Douglas Carter Beane’s 2007 play The Little Dog Laughed was nominated for a Tony, and the character Diane provided the vehicle for Julie White’s Best Actress award that year. Small wonder. Diane is a dream role – a shark in stilettos, manipulating actors and playwrights with panache, charm and an iron fist, and St. John makes the most of it.
The Little Dog Laughed is a hilarious and biting satire on the price of stardom.
The client in question, Mitchell (Brian Mackey), is on the brink of stardom, but has mutually exclusive goals: He wants both to be a star and to come out of the closet. One drunken night, he hires rent boy Alex (Bryan Bertone) online, and that’s where the trouble starts.
Their first scene is a wonder of desire and denial, longing and loathing, as the artistic and sexual whores Mitch and Alex try to convince each other they’re really not gay.
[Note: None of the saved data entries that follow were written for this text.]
lemma fps_norm_upto_gf_power_diff_le_of_smoothing:
  assumes V: "0 \<le> C" "fps_norm_upto K ((1 - fps_X) * gf ^ n) \<le> C / real n powr (1 / \<alpha>)"
    and n: "2 \<le> n" and K: "1 \<le> K"
  shows "fps_norm_upto K (gf ^ n - gf ^ Suc n)
    \<le> (c * C / (1 - \<alpha>) + 2 * c * 2 powr \<alpha> / \<alpha> + (2 * c * C + c) / \<alpha>) / real n"
proof -
  define L where "L = real n powr (1 / \<alpha>)"
  define N where "N = nat \<lfloor>L\<rfloor>"
  let ?t = "\<lambda>j. Z j * fps_norm_upto K ((1 - fps_X ^ j) * gf ^ n)"
  have L: "1 \<le> L" "L powr \<alpha> = real n"
    using powr_inverse_scale[of n] n unfolding L_def by auto
  note N = nat_floor_bounds[OF L(1), folded N_def]
  have "(\<Sum>j=1..K. ?t j) \<le> (\<Sum>j\<in>{1..N} \<union> {N<..K}. ?t j)"
    using f_nonneg fps_norm_upto_nonneg by (intro sum_mono2) auto
  also have "\<dots> = (\<Sum>j=1..N. ?t j) + (\<Sum>j\<in>{N<..K}. ?t j)"
    by (intro sum.union_disjoint) auto
  finally have "(\<Sum>j=1..K. ?t j) \<le> (\<Sum>j=1..N. ?t j) + (\<Sum>j\<in>{N<..K}. ?t j)" .
  moreover have "fps_norm_upto K (gf ^ n - gf ^ Suc n)
      \<le> (\<Sum>j=1..K. ?t j) + (1 - (\<Sum>j=1..K. Z j)) * fps_norm_upto K (gf ^ n)"
    using fps_norm_upto_one_minus_gf_mult[of K "gf ^ n"] by (simp only: left_diff_distrib mult_1_left power_Suc)
  moreover have "(\<Sum>j=1..N. ?t j) \<le> c * C / (1 - \<alpha>) / real n"
    using V L N unfolding L_def[symmetric] by (intro small_index_sum_le) auto
  moreover have "(\<Sum>j\<in>{N<..K}. ?t j) \<le> 2 * c * 2 powr \<alpha> / \<alpha> / real n"
    using L N fps_norm_upto_gf_power by (intro large_index_sum_le) auto
  moreover have "(1 - (\<Sum>j=1..K. Z j)) * fps_norm_upto K (gf ^ n) \<le> (2 * c * C + c) / \<alpha> / real n"
    using K V L fps_norm_upto_gf_power unfolding L_def[symmetric] by (intro tail_term_le) auto
  ultimately show ?thesis unfolding add_divide_distrib by linarith
qed

lemma fps_norm_upto_gf_power_diff_le:
  obtains B where "\<And>n K. 1 \<le> n \<Longrightarrow> fps_norm_upto K (gf ^ n - gf ^ Suc n) \<le> B / real n"
proof -
  obtain C where C: "0 \<le> C"
    "\<And>n K. 2 \<le> n \<Longrightarrow> fps_norm_upto K ((1 - fps_X) * gf ^ n) \<le> C / real n powr (1 / \<alpha>)"
    by (rule fps_norm_upto_one_minus_X_gf_power_le) blast
  define B where "B = c * C / (1 - \<alpha>) + 2 * c * 2 powr \<alpha> / \<alpha> + (2 * c * C + c) / \<alpha>"
  have "fps_norm_upto K (gf ^ n - gf ^ Suc n) \<le> max 2 B / real n" if n: "1 \<le> n" for n K
  proof (cases "n = 1")
    case True
    have "fps_norm_upto K (gf ^ n - gf ^ Suc n) \<le> 1 + 1"
      using fps_norm_upto_diff fps_norm_upto_gf_power by (smt (verit))
    then show ?thesis using True by simp
  next
    case False
    then have "fps_norm_upto K (gf ^ n - gf ^ Suc n) \<le> fps_norm_upto (max 1 K) (gf ^ n - gf ^ Suc n)"
      by (intro fps_norm_upto_mono) simp
    also have "\<dots> \<le> B / real n"
      unfolding B_def using C False n by (intro fps_norm_upto_gf_power_diff_le_of_smoothing) auto
    also have "\<dots> \<le> max 2 B / real n"
      by (simp add: divide_right_mono)
    finally show ?thesis .
  qed
  then show thesis by (rule that)
qed

end

theorem theorem5p4:
  fixes \<alpha> :: real
  assumes "0 < \<alpha>" and "\<alpha> < 1"
  shows "zeta_prob \<alpha> \<in> class_A"
proof -
  interpret zeta_seq \<alpha> using assms by unfold_locales
  have Z_int: "zeta_prob \<alpha> (int m) = Z m" for m
    by (simp add: zeta_prob_def Z_def c_def)
  have neg: "zeta_prob \<alpha> k = 0" if "k < 0" for k
    using that by (simp add: zeta_prob_def)
  have "zeta_prob \<alpha> \<in> prob_Zplus"
  proof (rule prob_ZplusI)
    show "0 \<le> zeta_prob \<alpha> k" for k
      using c_pos by (simp add: zeta_prob_def c_def)
  qed (simp_all add: neg Z_int Z_sums)
  moreover have "Abs_fps (\<lambda>i. zeta_prob \<alpha> (int i)) = gf"
    by (simp add: gf_def Z_int)
  moreover obtain B where "\<And>n K. 1 \<le> n \<Longrightarrow> fps_norm_upto K (gf ^ n - gf ^ Suc n) \<le> B / real n"
    by (rule fps_norm_upto_gf_power_diff_le) blast
  ultimately show ?thesis by (intro class_AI) auto
qed

end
Alex even has a self-protective (if unsatisfying) on-again, off-again relationship with Ellen (Kelly Iversen), whom he describes (in an on-again, off-again way) as his girlfriend.
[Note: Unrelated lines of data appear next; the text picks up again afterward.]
(* Let $c=1/3$ for quadrangulations and $c=1/2$ for triangulations. For $0<u<1$, let $\mathcal P(L;u)$ be the limiting density of $L(ku)$ as $k\to\infty$ under $P_k$ (with $k$ ranging over integers for which $ku$ is an integer): $$\mathcal P(L;u)=\frac{2}{\sqrt\pi}\frac{\sqrt L}{c^{3/2}}e^{-L/c}\cdot\frac{\left(e^{\frac{L}{cb}}\sqrt{\frac{\pi L}{cb}}\left(1-\mathrm{erf}\sqrt{\frac{L}{cb}}\right)-1\right)p\!\left(\frac{L}{cb}\right)+r\!\left(\frac{L}{cb}\right)}{4(\sqrt b+b)^3},$$ where $$b=b(u)=\frac{(1-u)^2}{u^2},\qquad p(\ell)=2b(b^2-1)\ell^2-(5b^3+3b+4)\ell+6(b^3-1),\qquad r(\ell)=b(15b^2-1)\ell+2(5b^3-1).$$ Then $\tilde{\mathcal P}(R;u)=b(u)\,\mathcal P(b(u)R;u)$, the limiting density of $R(d)=\mathcal L(d)/(k-d)^2$ at $d=ku$, converges as $u\to1$ to $$\tilde{\mathcal P}(R;1)=2\sqrt{\frac{R}{\pi c^5}}\,(R+c)-\frac{R}{c^3}(2R+3c)\,e^{R/c}\left(1-\mathrm{erf}\sqrt{\frac Rc}\right).$$ Moreover $\mathcal P(L;u)\to\frac{2}{\sqrt\pi}\frac{\sqrt L}{c^{3/2}}e^{-L/c}$ as $u\to0$.
   Context: A planar quadrangulation (resp. triangulation) is a planar map all of whose faces have degree 4 (resp. 3). A $k$-pointed-rooted map carries: - a marked vertex $v_0$; - a marked edge $e_1$ oriented from a vertex $v_1$ at graph distance $k$ from $v_0$ to a vertex at distance $k-1$. Cutting along the leftmost shortest path from $v_1$ to $v_0$ (first step $e_1$, then always the leftmost edge decreasing the distance to $v_0$) gives a $k$-slice. Its left boundary consists of the $k$ edges from $v_1$ to $v_0$, and its right boundary of the $k-1$ edges from the endpoint of $e_1$ to $v_0$. Hull perimeter, quadrangulations ($2\le d\le k-1$). Start at the right-boundary vertex $v^{(0)}$ at distance $d-1$. Repeatedly, from $v^{(i)}$, follow the leftmost 2-step path $v^{(i)}\to w\to v^{(i+1)}$, with respect to the first edge of the leftmost shortest path from $v^{(i)}$ to $v_0$, where $d(v_0,w)=d$, $d(v_0,v^{(i+1)})=d-1$ and $v^{(i+1)}\ne v^{(i)}$. This stops after $p$ steps at the left-boundary vertex at distance $d-1$, and $\mathcal L(d)=2p$. Hull perimeter, triangulations ($1\le d\le k-1$). Start at the right-boundary vertex at distance $d$. Repeatedly follow the leftmost edge, in the same sense, to a distinct vertex at distance $d$, until reaching the left-boundary vertex at distance $d$ after $p$ steps; then $\mathcal L(d)=p$. $P_k$ is the $N\to\infty$ limit of the uniform measure on $k$-pointed-rooted maps of the given type with $N$ faces. $L(d)=\mathcal L(d)/d^2$, and $\mathrm{erf}(a)=\frac{2}{\sqrt\pi}\int_0^ae^{-z^2}dz$. *)

theory Defs
  imports "HOL-Analysis.Analysis"
begin

definition erf :: "real \<Rightarrow> real" where
  "erf a = 2 / sqrt pi *
     (if 0 \<le> a then integral {0..a} (\<lambda>z. exp (- z\<^sup>2))
      else - integral {a..0} (\<lambda>z. exp (- z\<^sup>2)))"

definition bfun :: "real \<Rightarrow> real" where
  "bfun u = (1 - u)\<^sup>2 / u\<^sup>2"

definition ppoly :: "real \<Rightarrow> real \<Rightarrow> real" where
  "ppoly b l = 2 * b * (b\<^sup>2 - 1) * l\<^sup>2 - (5 * b ^ 3 + 3 * b + 4) * l + 6 * (b ^ 3 - 1)"

definition rpoly :: "real \<Rightarrow> real \<Rightarrow> real" where
  "rpoly b l = b * (15 * b\<^sup>2 - 1) * l + 2 * (5 * b ^ 3 - 1)"

definition Pdens :: "real \<Rightarrow> real \<Rightarrow> real \<Rightarrow> real" where
  "Pdens c L u =
    (let b = bfun u; l = L / (c * b) in
     2 / sqrt pi * sqrt L / c powr (3/2) * exp (- L / c) *
     (((exp l * sqrt (pi * l) * (1 - erf (sqrt l)) - 1) * ppoly b l + rpoly b l)
       / (4 * (sqrt b + b) ^ 3)))"

definition Ptilde :: "real \<Rightarrow> real \<Rightarrow> real \<Rightarrow> real" where
  "Ptilde c R u = bfun u * Pdens c (bfun u * R) u"

definition Ptilde1 :: "real \<Rightarrow> real \<Rightarrow> real" where
  "Ptilde1 c R = 2 * sqrt (R / (pi * c ^ 5)) * (R + c)
     - R / c ^ 3 * (2 * R + 3 * c) * exp (R / c) * (1 - erf (sqrt (R / c)))"

end

theory Submission
  imports Defs "HOL-Real_Asymp.Real_Asymp"
begin

text \<open>Write \<open>l = L / (c b)\<close> for the argument of \<open>p\<close> and \<open>r\<close>. As \<open>u \<rightarrow> 1\<close> we have
  \<open>b \<rightarrow> 0\<close>; at \<open>L = b R\<close> the variable \<open>l = R / c\<close> does not depend on \<open>b\<close>, and
  \<open>b sqrt (b R) / (sqrt b + b)\<^sup>3 = sqrt R / (1 + sqrt b)\<^sup>3\<close>, so the rescaled density is a function
  of \<open>b\<close> that is continuous at \<open>b = 0\<close>, where it takes the value \<open>Ptilde1 c R\<close>.
  As \<open>u \<rightarrow> 0\<close> we have \<open>b \<rightarrow> \<infinity>\<close> and \<open>l \<rightarrow> 0\<close>: the erf term tends to \<open>0\<close>, while \<open>p\<close> and
  \<open>r\<close>, normalised by \<open>4 (sqrt b + b)\<^sup>3\<close>, tend to \<open>3/2\<close> and \<open>5/2\<close>, so the correction factor
  tends to \<open>-3/2 + 5/2 = 1\<close>.\<close>

lemma erf_bounds:
  assumes "0 \<le> a"
  shows "0 \<le> erf a" and "erf a \<le> 2 / sqrt pi * a"
proof -
  have int: "(\<lambda>z. exp (- z\<^sup>2)) integrable_on {0..a}"
    by (intro integrable_continuous_interval continuous_intros)
  have "0 \<le> integral {0..a} (\<lambda>z. exp (- z\<^sup>2))"
    by (rule integral_nonneg[OF int]) auto
  then show "0 \<le> erf a"
    using assms by (simp add: erf_def)
  have "integral {0..a} (\<lambda>z. exp (- z\<^sup>2)) \<le> integral {0..a} (\<lambda>z. 1::real)"
    by (rule integral_le[OF int]) auto
  then show "erf a \<le> 2 / sqrt pi * a"
    using assms by (simp add: erf_def divide_right_mono)
qed

lemma erf_sqrt_tendsto_0: "((\<lambda>l. erf (sqrt l)) \<longlongrightarrow> 0) (at_right 0)"
proof (rule tendsto_sandwich)
  show "\<forall>\<^sub>F l in at_right 0. 0 \<le> erf (sqrt l)"
    by (rule eventually_at_right_less[THEN eventually_mono]) (rule erf_bounds; simp)
  show "\<forall>\<^sub>F l in at_right 0. erf (sqrt l) \<le> 2 / sqrt pi * sqrt l"
    by (rule eventually_at_right_less[THEN eventually_mono]) (rule erf_bounds; simp)
  have "((\<lambda>l. 2 / sqrt pi * sqrt l) \<longlongrightarrow> 2 / sqrt pi * sqrt 0) (at_right (0::real))"
    by (intro tendsto_intros)
  then show "((\<lambda>l. 2 / sqrt pi * sqrt l) \<longlongrightarrow> 0) (at_right 0)"
    by simp
qed simp

definition scaled_erfc :: "real \<Rightarrow> real" where
  "scaled_erfc l = exp l * sqrt (pi * l) * (1 - erf (sqrt l))"

lemma scaled_erfc_tendsto_0: "(scaled_erfc \<longlongrightarrow> 0) (at_right 0)"
proof -
  have "((\<lambda>l. exp l * sqrt (pi * l) * (1 - erf (sqrt l)))
          \<longlongrightarrow> exp 0 * sqrt (pi * 0) * (1 - 0)) (at_right 0)"
    by (intro tendsto_intros erf_sqrt_tendsto_0)
  then show ?thesis
    by (simp add: scaled_erfc_def[abs_def])
qed

lemma bfun_tendsto_at_left_1: "(bfun \<longlongrightarrow> 0) (at_left 1)"
  unfolding bfun_def by real_asymp

lemma filterlim_bfun_at_right_0: "filterlim bfun at_top (at_right 0)"
  unfolding bfun_def by real_asymp

definition hull_correction :: "real \<Rightarrow> real \<Rightarrow> real" where
  "hull_correction b l =
     ((scaled_erfc l - 1) * ppoly b l + rpoly b l) / (4 * (sqrt b + b) ^ 3)"

lemma Pdens_eq_hull_correction:
  "Pdens c L u = 2 / sqrt pi * sqrt L / c powr (3/2) * exp (- L / c)
                   * hull_correction (bfun u) (L / (c * bfun u))"
  by (simp add: Pdens_def hull_correction_def scaled_erfc_def Let_def)

lemma hull_correction_tendsto_1:
  fixes m :: real
  assumes "m > 0"
  shows "((\<lambda>b. hull_correction b (m / b)) \<longlongrightarrow> 1) at_top"
proof -
  have p: "((\<lambda>b. ppoly b (m / b) / (4 * (sqrt b + b) ^ 3)) \<longlongrightarrow> 3/2) at_top"
    using assms unfolding ppoly_def by real_asymp
  have r: "((\<lambda>b. rpoly b (m / b) / (4 * (sqrt b + b) ^ 3)) \<longlongrightarrow> 5/2) at_top"
    using assms unfolding rpoly_def by real_asymp
  have "filterlim (\<lambda>b. m / b) (at_right 0) at_top"
    using assms by real_asymp
  then have "((\<lambda>b. scaled_erfc (m / b)) \<longlongrightarrow> 0) at_top"
    by (rule filterlim_compose[OF scaled_erfc_tendsto_0])
  then have "((\<lambda>b. (scaled_erfc (m / b) - 1) * (ppoly b (m / b) / (4 * (sqrt b + b) ^ 3))
                   + rpoly b (m / b) / (4 * (sqrt b + b) ^ 3)) \<longlongrightarrow> (0 - 1) * (3/2) + 5/2) at_top"
    by (intro tendsto_intros p r)
  then show ?thesis
    by (simp add: hull_correction_def add_divide_distrib)
qed

lemma Pdens_tendsto_at_right_0:
  assumes "c > 0" and "L > 0"
  shows "((\<lambda>u. Pdens c L u) \<longlongrightarrow> 2 / sqrt pi * sqrt L / c powr (3/2) * exp (- L / c)) (at_right 0)"
proof -
  have "((\<lambda>b. hull_correction b (L / c / b)) \<longlongrightarrow> 1) at_top"
    using assms by (intro hull_correction_tendsto_1) simp
  then have "((\<lambda>u. hull_correction (bfun u) (L / (c * bfun u))) \<longlongrightarrow> 1) (at_right 0)"
    by (auto dest: filterlim_compose[OF _ filterlim_bfun_at_right_0] simp: divide_divide_eq_left)
  then have "((\<lambda>u. 2 / sqrt pi * sqrt L / c powr (3/2) * exp (- L / c)
                    * hull_correction (bfun u) (L / (c * bfun u)))
               \<longlongrightarrow> 2 / sqrt pi * sqrt L / c powr (3/2) * exp (- L / c) * 1) (at_right 0)"
    by (intro tendsto_intros)
  then show ?thesis
    by (simp add: Pdens_eq_hull_correction)
qed

definition Ptilde_profile :: "real \<Rightarrow> real \<Rightarrow> real \<Rightarrow> real" where
  "Ptilde_profile c R b = 2 / sqrt pi * sqrt R / c powr (3/2) * exp (- b * R / c)
     * ((scaled_erfc (R / c) - 1) * ppoly b (R / c) + rpoly b (R / c)) / (4 * (1 + sqrt b) ^ 3)"

lemma Ptilde_eq_profile:
  assumes "0 < u" and "u < 1"
  shows "Ptilde c R u = Ptilde_profile c R (bfun u)"
proof -
  define b where "b = bfun u"
  have "b > 0"
    using assms by (simp add: b_def bfun_def)
  define s where "s = sqrt b"
  have "s > 0" and "sqrt b + b = s * (1 + s)" and "sqrt (b * R) = s * sqrt R"
    using \<open>b > 0\<close> by (simp_all add: s_def real_sqrt_mult algebra_simps)
  then have "b * sqrt (b * R) / (sqrt b + b) ^ 3 = s\<^sup>2 * s * sqrt R / (s ^ 3 * (1 + s) ^ 3)"
    using \<open>b > 0\<close> by (simp add: s_def power_mult_distrib)
  also have "\<dots> = sqrt R / (1 + sqrt b) ^ 3"
    using \<open>s > 0\<close> by (simp add: s_def power3_eq_cube power2_eq_square)
  finally have scaling: "b * sqrt (b * R) / (sqrt b + b) ^ 3 = sqrt R / (1 + sqrt b) ^ 3" .
  have l: "b * R / (c * b) = R / c"
    using \<open>b > 0\<close> by simp
  define X where "X = (scaled_erfc (R / c) - 1) * ppoly b (R / c) + rpoly b (R / c)"
  have "hull_correction b (b * R / (c * b)) = X / (4 * (sqrt b + b) ^ 3)"
    by (simp add: hull_correction_def X_def l)
  then have "Ptilde c R u = 2 / sqrt pi / c powr (3/2) * exp (- b * R / c) * X / 4
                         * (b * sqrt (b * R) / (sqrt b + b) ^ 3)"
    by (simp add: Ptilde_def Pdens_eq_hull_correction b_def[symmetric] mult_ac)
  also have "\<dots> = Ptilde_profile c R b"
    unfolding scaling by (simp add: Ptilde_profile_def X_def mult_ac)
  finally show ?thesis
    by (simp add: b_def)
qed

lemma Ptilde_profile_at_0:
  assumes c: "c > 0" and R: "R > 0"
  shows "Ptilde_profile c R 0 = Ptilde1 c R"
proof -
  define sr where "sr = sqrt R"
  define sp where "sp = sqrt pi"
  define sc where "sc = sqrt c"
  have h: "R = sr\<^sup>2" "pi = sp\<^sup>2" "c = sc\<^sup>2" "sr > 0" "sp > 0" "sc > 0"
    using c R by (auto simp: sr_def sp_def sc_def)
  have "c powr (3/2) = c powr (1 + 1/2)"
    by simp
  then have cp: "c powr (3/2) = c * sc"
    using c by (simp only: powr_add) (simp add: sc_def powr_half_sqrt)
  have "c ^ 5 = (c\<^sup>2)\<^sup>2 * c"
    by (simp add: eval_nat_numeral)
  then have "sqrt (c ^ 5) = c\<^sup>2 * sc"
    by (simp only: real_sqrt_mult real_sqrt_abs sc_def) simp
  then have s5: "sqrt (R / (pi * c ^ 5)) = sr / (sp * c\<^sup>2 * sc)"
    by (simp add: sp_def sr_def real_sqrt_mult real_sqrt_divide)
  define ex where "ex = exp (R / c)"
  define er where "er = erf (sqrt (R / c))"
  have erfc: "scaled_erfc (R / c) = sp * sr / sc * (ex * (1 - er))"
    by (simp add: scaled_erfc_def ex_def er_def sp_def sr_def sc_def real_sqrt_mult real_sqrt_divide)
  show ?thesis
    unfolding Ptilde_profile_def Ptilde1_def erfc cp s5 ppoly_def rpoly_def
      ex_def[symmetric] er_def[symmetric] sr_def[symmetric] sp_def[symmetric]
    using h by (simp add: field_simps power2_eq_square power3_eq_cube)
qed

lemma Ptilde_tendsto_at_left_1:
  assumes "c > 0" and "R > 0"
  shows "((\<lambda>u. Ptilde c R u) \<longlongrightarrow> Ptilde1 c R) (at_left 1)"
proof -
  have "((\<lambda>u. Ptilde_profile c R (bfun u)) \<longlongrightarrow> Ptilde_profile c R 0) (at_left 1)"
    unfolding Ptilde_profile_def ppoly_def rpoly_def
    by (intro tendsto_intros bfun_tendsto_at_left_1) (use assms in simp_all)
  moreover have "\<forall>\<^sub>F u in at_left 1. Ptilde_profile c R (bfun u) = Ptilde c R u"
    using eventually_at_left_real[of 0 1] by (auto elim!: eventually_mono simp: Ptilde_eq_profile)
  ultimately show ?thesis
    using Ptilde_profile_at_0[OF assms] by (simp add: tendsto_cong)
qed

theorem mainTheorem13:
  fixes c :: real
  assumes "c = 1/3 \<or> c = 1/2"
  shows "(\<forall>R>0. ((\<lambda>u. Ptilde c R u) \<longlongrightarrow> Ptilde1 c R) (at_left 1))
       \<and> (\<forall>L>0. ((\<lambda>u. Pdens c L u) \<longlongrightarrow> 2 / sqrt pi * sqrt L / c powr (3/2) * exp (- L / c))
               (at_right 0))"
proof -
  have "c > 0"
    using assms by auto
  then show ?thesis
    using Ptilde_tendsto_at_left_1 Pdens_tendsto_at_right_0 by blast
qed

end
The Little Dog Laughed is a wild and dizzymaking verbal romp exploring a world where image is reality, one-upmanship and lying are part of a business model, and refusing to get sucked into the vortex can be costly. More than any play in recent memory, it is a collection of scene gems that actors looking for audition pieces would do well to keep in mind. Where else will you find a character likening Buddhist sand mandalas to the salad-ordering habits of the power-lunch Hollywood set? It’s a brilliant bit – and extremely funny.
Fleming gets the best out of this fine cast. Mackey turns in one of his best performances in recent memory, diving below the surface to the poignancy of Mitch’s need for connection. Bertone’s Alex is the character best grounded in reality, but even he lies to himself. Iversen does what she can with the underwritten role of Ellen.
But this is St. John’s show, and that’s not to slight the other fine performances. Look for her on the dais of the various annual awards shows this year.
No dogs, little or otherwise, laughed in the production of this play. But it’s safe to say that all the people watching it did.
The Little Dog Laughed, directed by Robert Barry Fleming, plays through Sunday, May 31, at Diversionary Theatre. Shows Thursday at 7:30 p.m.; Friday and Saturday at 8 p.m.; Sunday at 2 and 7 p.m. For tickets call 619-220-0097 or visit www.diversionary.org.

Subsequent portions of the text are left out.